Our Lenten Journey Begins

The First Sunday in Lent
February 18, 2018

Today is the First Sunday in Lent, a season of penitence, repentance, and renewal. During these forty days, we prayerfully prepare for the annual observance of our Lord’s passion and resurrection. Our worship reflects the contemplative nature of the season.
  • We sing a peaceful, reflective mass setting by Franz Schubert (more about that next week)
  • Psalms and prayers are intoned using simple, ancient chants
  • A longer period of silence is observed after the readings and at the breaking of the bread
  • The word "Alleluia" is not spoken or sung
  • There are no flowers adorning the altar
  • The sound of the organ is less brilliant. The festival trumpet stop (the horizontal pipes on the back wall) will not sound again until Easter. Preludes and postludes - often based on Lenten hymn tunes - are more subdued.

Today's 10:30 Eucharist begins with a fine Anglican tradition: the chanting of the Great Litany in procession. We can trace its origins to the fifth century. The Litany was the first English language rite prepared by Thomas Cranmer, Archbishop of Canterbury and a leader of the English Reformation. Published in 1544, it has been a part of our worship ever since. Here's a photo of the 1549 Book of Common Prayer open to the Great Litany. (This volume is housed in the library at The University of the South, an Episcopal university and seminary in Sewanee, Tennessee.)


 

Learn more about the Great Litany here:

You can even join a Great Litany Fan Club on Facebook.

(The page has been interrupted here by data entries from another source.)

(* Let $T\ge 2$ be an integer, $v>0$, $\theta\in(0,1)$, $\beta\in(0,1]$, and suppose $\theta\ge\beta>\theta^T$. Let $\nu:=\lfloor \log\beta/\log\theta\rfloor$. Consider the stopping problem on times $\{0,1,\dots,T\}$ in which, from the perspective of time $t$, stopping at time $t+j$ ($0\le j\le T-t$) has value $\theta^{T-t}v$ if $j=0$ and $\beta\theta^{T-t-j}v$ if $j\ge1$. A (pure) strategy is a map $\sigma:\{0,\dots,T\}\to\{0,1\}$ with $\sigma(T)=1$ ($1$ = stop, $0$ = continue); for $t<T$ let $\tau_\sigma(t)=\min\{s>t:\sigma(s)=1\}$. Define: - the naive strategy $\sigma_0$: $\sigma_0(T)=1$ and for $t<T$, $\sigma_0(t)=1$ iff $\theta^{T-t}v\ge\max_{1\le j\le T-t}\beta\theta^{T-t-j}v$; - the update $\sigma\mapsto\sigma'$: $\sigma'(T)=1$ and for $t<T$, $\sigma'(t)=1$ iff $\theta^{T-t}v\ge\beta\theta^{T-\tau_\sigma(t)}v$; set $\sigma_{n+1}=\sigma_n'$ for $n\ge 0$; - the sophisticated strategy $\sigma_S$: $\sigma_S(T)=1$ and, backward for $t=T-1,\dots,0$, $\sigma_S(t)=1$ iff $\theta^{T-t}v\ge\beta\theta^{T-\tau_{\sigma_S}(t)}v$. Then $\nu\in\{1,2,\dots,T-1\}$, and $\sigma_n=\sigma_S$ for $n=\lceil T/\nu\rceil$; that is, the naive strategy is turned into the sophisticated one after $\lceil T/\nu\rceil$ rounds of training.
   Context: This is the present-biased optimal stopping problem with immediate reward: stopping at absolute time $s$ yields reward $\theta^{T-s}v$ (so waiting increases the reward by a factor $1/\theta$ per period), and any reward not received immediately is additionally discounted by the present-bias factor $\beta$. The problem is state-independent, so strategies depend only on time. Ties are broken in favour of stopping. In each training round the agent at time $t$ chooses whether to stop now, taking as given that from time $t+1$ on she follows the previous round's strategy. *)

theory Defs
  imports Complex_Main
begin

text \<open>Strategies are maps nat => bool (True = stop); only times 0..T matter,
  and all strategies below stop at every time t >= T.\<close>

definition stop_time :: "nat \<Rightarrow> (nat \<Rightarrow> bool) \<Rightarrow> nat \<Rightarrow> nat" where
  "stop_time T \<sigma> t = (LEAST s. t < s \<and> s \<le> T \<and> \<sigma> s)"

definition naive_strategy :: "nat \<Rightarrow> real \<Rightarrow> real \<Rightarrow> real \<Rightarrow> nat \<Rightarrow> bool" where
  "naive_strategy T \<theta> \<beta> v t =
     (if T \<le> t then True
      else \<theta> ^ (T - t) * v \<ge> Max ((\<lambda>j. \<beta> * \<theta> ^ (T - t - j) * v) ` {1..T - t}))"

definition update_strategy ::
  "nat \<Rightarrow> real \<Rightarrow> real \<Rightarrow> real \<Rightarrow> (nat \<Rightarrow> bool) \<Rightarrow> nat \<Rightarrow> bool" where
  "update_strategy T \<theta> \<beta> v \<sigma> t =
     (if T \<le> t then True
      else \<theta> ^ (T - t) * v \<ge> \<beta> * \<theta> ^ (T - stop_time T \<sigma> t) * v)"

definition trained_strategy :: "nat \<Rightarrow> real \<Rightarrow> real \<Rightarrow> real \<Rightarrow> nat \<Rightarrow> nat \<Rightarrow> bool" where
  "trained_strategy T \<theta> \<beta> v n = (update_strategy T \<theta> \<beta> v ^^ n) (naive_strategy T \<theta> \<beta> v)"

text \<open>Backward induction: stage k has decided times T-k..T (and all later times = stop).\<close>
primrec soph_stage :: "nat \<Rightarrow> real \<Rightarrow> real \<Rightarrow> real \<Rightarrow> nat \<Rightarrow> nat \<Rightarrow> bool" where
  "soph_stage T \<theta> \<beta> v 0 = (\<lambda>t. True)"
| "soph_stage T \<theta> \<beta> v (Suc k) =
     (let \<sigma> = soph_stage T \<theta> \<beta> v k; t = T - Suc k
      in \<sigma>(t := (\<theta> ^ (T - t) * v \<ge> \<beta> * \<theta> ^ (T - stop_time T \<sigma> t) * v)))"

definition soph_strategy :: "nat \<Rightarrow> real \<Rightarrow> real \<Rightarrow> real \<Rightarrow> nat \<Rightarrow> bool" where
  "soph_strategy T \<theta> \<beta> v = soph_stage T \<theta> \<beta> v T"

end

theory Submission
  imports Defs
begin

text \<open>With \<open>\<nu>\<close> the largest \<open>k\<close> such that \<open>\<beta> \<le> \<theta>^k\<close>, waiting \<open>k \<ge> 1\<close> periods is worth it
  (from the current self's view) exactly when \<open>k > \<nu>\<close>. Hence the naive strategy stops in the
  last \<open>\<nu>\<close> periods, and each training round, facing a strategy that stops in the last \<open>m\<close>
  periods, stops in the last \<open>m + \<nu>\<close> periods. After \<open>\<lceil>T/\<nu>\<rceil>\<close> rounds the strategy stops
  everywhere, which is the sophisticated strategy because \<open>\<beta> \<le> \<theta>\<close> makes stopping now
  better than stopping next period.\<close>

definition patience :: "real \<Rightarrow> real \<Rightarrow> nat" where
  "patience \<theta> \<beta> = nat \<lfloor>ln \<beta> / ln \<theta>\<rfloor>"

definition horizon_strategy :: "nat \<Rightarrow> nat \<Rightarrow> nat \<Rightarrow> bool" where
  "horizon_strategy T m t \<longleftrightarrow> T \<le> t + m"

lemma le_power_iff_le_floor_ln_div:
  fixes \<theta> \<beta> :: real
  assumes "0 < \<theta>" "\<theta> < 1" "0 < \<beta>"
  shows "\<beta> \<le> \<theta> ^ k \<longleftrightarrow> int k \<le> \<lfloor>ln \<beta> / ln \<theta>\<rfloor>"
proof -
  have "ln \<theta> < 0" using assms by simp
  have "\<beta> \<le> \<theta> ^ k \<longleftrightarrow> ln \<beta> \<le> ln (\<theta> ^ k)"
    using assms by simp
  also have "\<dots> \<longleftrightarrow> ln \<beta> \<le> real k * ln \<theta>"
    using assms by (simp add: ln_realpow)
  also have "\<dots> \<longleftrightarrow> real k \<le> ln \<beta> / ln \<theta>"
    using \<open>ln \<theta> < 0\<close> by (simp add: neg_le_divide_eq)
  finally show ?thesis by (simp add: le_floor_iff)
qed

lemma le_power_iff_le_patience:
  assumes "0 < \<theta>" "\<theta> < 1" "0 < \<beta>" "\<beta> \<le> 1"
  shows "\<beta> \<le> \<theta> ^ k \<longleftrightarrow> k \<le> patience \<theta> \<beta>"
proof -
  have "0 \<le> \<lfloor>ln \<beta> / ln \<theta>\<rfloor>"
    using le_power_iff_le_floor_ln_div[OF assms(1-3), of 0] assms(4) by simp
  then show ?thesis
    unfolding patience_def le_power_iff_le_floor_ln_div[OF assms(1-3)] by (simp add: le_nat_iff)
qed

lemma delayed_reward_le_iff:
  fixes \<theta> \<beta> v :: real
  assumes "0 < \<theta>" "0 < v" "t < s" "s \<le> T"
  shows "\<beta> * \<theta> ^ (T - s) * v \<le> \<theta> ^ (T - t) * v \<longleftrightarrow> \<beta> \<le> \<theta> ^ (s - t)"
proof -
  define p where "p = \<theta> ^ (T - s) * v"
  have "\<theta> ^ (T - t) = \<theta> ^ (s - t) * \<theta> ^ (T - s)"
    using assms by (simp add: power_add[symmetric])
  then have "\<theta> ^ (T - t) * v = \<theta> ^ (s - t) * p"
    by (simp add: p_def)
  moreover have "0 < p" using assms by (simp add: p_def)
  ultimately show ?thesis
    by (simp add: mult.assoc mult_le_cancel_right_pos flip: p_def)
qed

lemma stop_time_horizon_strategy:
  assumes "t < T" "1 \<le> m"
  shows "stop_time T (horizon_strategy T m) t = max (t + 1) (T - m)"
  unfolding stop_time_def horizon_strategy_def
  by (rule Least_equality) (use assms in auto)

lemma stop_time_always_stop:
  assumes "t < T"
  shows "stop_time T (\<lambda>_. True) t = t + 1"
  unfolding stop_time_def by (rule Least_equality) (use assms in auto)

lemma naive_strategy_eq_horizon_strategy:
  fixes \<theta> \<beta> v :: real
  assumes "0 < \<theta>" "\<theta> < 1" "0 < \<beta>" "\<beta> \<le> 1" "0 < v"
  shows "naive_strategy T \<theta> \<beta> v = horizon_strategy T (patience \<theta> \<beta>)"
proof
  fix t
  show "naive_strategy T \<theta> \<beta> v t = horizon_strategy T (patience \<theta> \<beta>) t"
  proof (cases "T \<le> t")
    case True
    then show ?thesis by (simp add: naive_strategy_def horizon_strategy_def)
  next
    case False
    let ?R = "(\<lambda>j. \<beta> * \<theta> ^ (T - t - j) * v) ` {1..T - t}"
    have "Max ?R = \<beta> * v"
    proof (rule Max_eqI)
      show "\<beta> * v \<in> ?R"
        using False by (intro image_eqI[where x = "T - t"]) auto
    next
      fix y assume "y \<in> ?R"
      then obtain j where "y = \<beta> * \<theta> ^ (T - t - j) * v" by auto
      moreover have "\<theta> ^ (T - t - j) \<le> 1" using assms by (simp add: power_le_one)
      ultimately show "y \<le> \<beta> * v" using assms by simp
    qed simp
    then show ?thesis
      using False assms le_power_iff_le_patience[OF assms(1-4), of "T - t"]
      by (auto simp: naive_strategy_def horizon_strategy_def)
  qed
qed

lemma update_horizon_strategy:
  fixes \<theta> \<beta> v :: real
  assumes "0 < \<theta>" "\<theta> < 1" "0 < \<beta>" "\<beta> \<le> 1" "0 < v"
    "1 \<le> patience \<theta> \<beta>" "1 \<le> m"
  shows "update_strategy T \<theta> \<beta> v (horizon_strategy T m)
           = horizon_strategy T (m + patience \<theta> \<beta>)"
proof
  fix t
  show "update_strategy T \<theta> \<beta> v (horizon_strategy T m) t
          = horizon_strategy T (m + patience \<theta> \<beta>) t"
  proof (cases "T \<le> t")
    case True
    then show ?thesis by (simp add: update_strategy_def horizon_strategy_def)
  next
    case False
    define s where "s = max (t + 1) (T - m)"
    have "t < s" "s \<le> T" using False s_def by auto
    then have "update_strategy T \<theta> \<beta> v (horizon_strategy T m) t \<longleftrightarrow> s - t \<le> patience \<theta> \<beta>"
      using False stop_time_horizon_strategy[OF _ assms(7)] s_def
        delayed_reward_le_iff[OF assms(1,5)] le_power_iff_le_patience[OF assms(1-4)]
      by (simp add: update_strategy_def)
    also have "\<dots> \<longleftrightarrow> horizon_strategy T (m + patience \<theta> \<beta>) t"
      using False assms(6,7) by (auto simp: s_def horizon_strategy_def)
    finally show ?thesis .
  qed
qed

lemma trained_strategy_eq_horizon_strategy:
  fixes \<theta> \<beta> v :: real
  assumes "0 < \<theta>" "\<theta> < 1" "0 < \<beta>" "\<beta> \<le> 1" "0 < v" "1 \<le> patience \<theta> \<beta>"
  shows "trained_strategy T \<theta> \<beta> v n = horizon_strategy T (Suc n * patience \<theta> \<beta>)"
proof (induction n)
  case 0
  then show ?case
    using naive_strategy_eq_horizon_strategy[OF assms(1-5)] by (simp add: trained_strategy_def)
next
  case (Suc n)
  have "trained_strategy T \<theta> \<beta> v (Suc n)
          = update_strategy T \<theta> \<beta> v (trained_strategy T \<theta> \<beta> v n)"
    by (simp add: trained_strategy_def)
  also have "\<dots> = horizon_strategy T (Suc n * patience \<theta> \<beta> + patience \<theta> \<beta>)"
    using Suc update_horizon_strategy[OF assms, of "Suc n * patience \<theta> \<beta>"] assms(6) by simp
  finally show ?case by (simp add: add.commute)
qed

lemma soph_stage_always_stop:
  fixes \<theta> \<beta> v :: real
  assumes "0 < \<theta>" "0 < v" "\<beta> \<le> \<theta>" "k \<le> T"
  shows "soph_stage T \<theta> \<beta> v k = (\<lambda>_. True)"
  using assms(4)
proof (induction k)
  case (Suc k)
  then have "T - Suc k < T" by simp
  moreover have "\<beta> * \<theta> ^ (T - (T - Suc k + 1)) * v \<le> \<theta> ^ (T - (T - Suc k)) * v"
    using delayed_reward_le_iff[OF assms(1,2), of "T - Suc k" "T - Suc k + 1" T \<beta>] Suc.prems assms(3)
    by simp
  ultimately show ?case using Suc by (simp add: stop_time_always_stop Let_def)
qed simp

theorem proposition5p2:
  fixes T :: nat and v \<theta> \<beta> :: real
  assumes "T \<ge> 2" and "v > 0" and "0 < \<theta>" and "\<theta> < 1" and "0 < \<beta>" and "\<beta> \<le> 1"
    and "\<theta> \<ge> \<beta>" and "\<beta> > \<theta> ^ T"
  shows "let \<nu> = \<lfloor>ln \<beta> / ln \<theta>\<rfloor> in
           1 \<le> \<nu> \<and> \<nu> \<le> int T - 1 \<and>
           (\<forall>t\<le>T. trained_strategy T \<theta> \<beta> v (nat \<lceil>real T / real_of_int \<nu>\<rceil>) t
                    = soph_strategy T \<theta> \<beta> v t)"
proof -
  define d where "d = patience \<theta> \<beta>"
  have floor_iff: "\<beta> \<le> \<theta> ^ k \<longleftrightarrow> int k \<le> \<lfloor>ln \<beta> / ln \<theta>\<rfloor>" for k
    using le_power_iff_le_floor_ln_div assms(3-5) .
  have \<nu>_bounds: "1 \<le> \<lfloor>ln \<beta> / ln \<theta>\<rfloor>" "\<lfloor>ln \<beta> / ln \<theta>\<rfloor> \<le> int T - 1"
    using floor_iff[of 1] floor_iff[of T] assms(7,8) by auto
  have int_nat: "z = int (nat z) \<and> 1 \<le> nat z" if "1 \<le> z" for z :: int
    using that by simp
  have \<nu>: "\<lfloor>ln \<beta> / ln \<theta>\<rfloor> = int d" and "1 \<le> d"
    unfolding d_def patience_def using int_nat[OF \<nu>_bounds(1)] by blast+
  define n where "n = nat \<lceil>real T / real d\<rceil>"
  have "real T / real d \<le> real n"
    unfolding n_def by (rule real_nat_ceiling_ge)
  then have "real T \<le> real n * real d"
    using \<open>1 \<le> d\<close> by (simp add: divide_le_eq)
  then have "horizon_strategy T (Suc n * d) = (\<lambda>_. True)"
    by (auto simp: horizon_strategy_def simp flip: of_nat_mult)
  then show ?thesis
    using \<nu>_bounds \<open>1 \<le> d\<close>
      trained_strategy_eq_horizon_strategy[OF assms(3-6,2), of T n]
      soph_stage_always_stop[OF assms(3,2,7) order.refl]
    unfolding Let_def \<nu> by (simp add: d_def n_def soph_strategy_def)
qed

end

During the Litany, you'll notice the acolytes, choir, and clergy forming a "solemn procession" - a figure eight pattern that moves through the entire nave. This embodies the all-encompassing nature of this prayer. Chanting the Great Litany engages body, mind, spirit, and voice, calling us to a season of prayer.

You'll also notice that most of today's hymns are drawn from the "Lent" section of The Hymnal 1982. This section includes Hymns 140-152. Take a few moments to leaf through these pages. Over the next five Sundays, we will experience many of these hymns, either through singing or by hearing organ pieces based on their tunes. These texts and tunes date from the early church to the present day. This reminds us that, as we make our Lenten pilgrimage, we join generations that have walked before us and strive to lead the way for those that follow.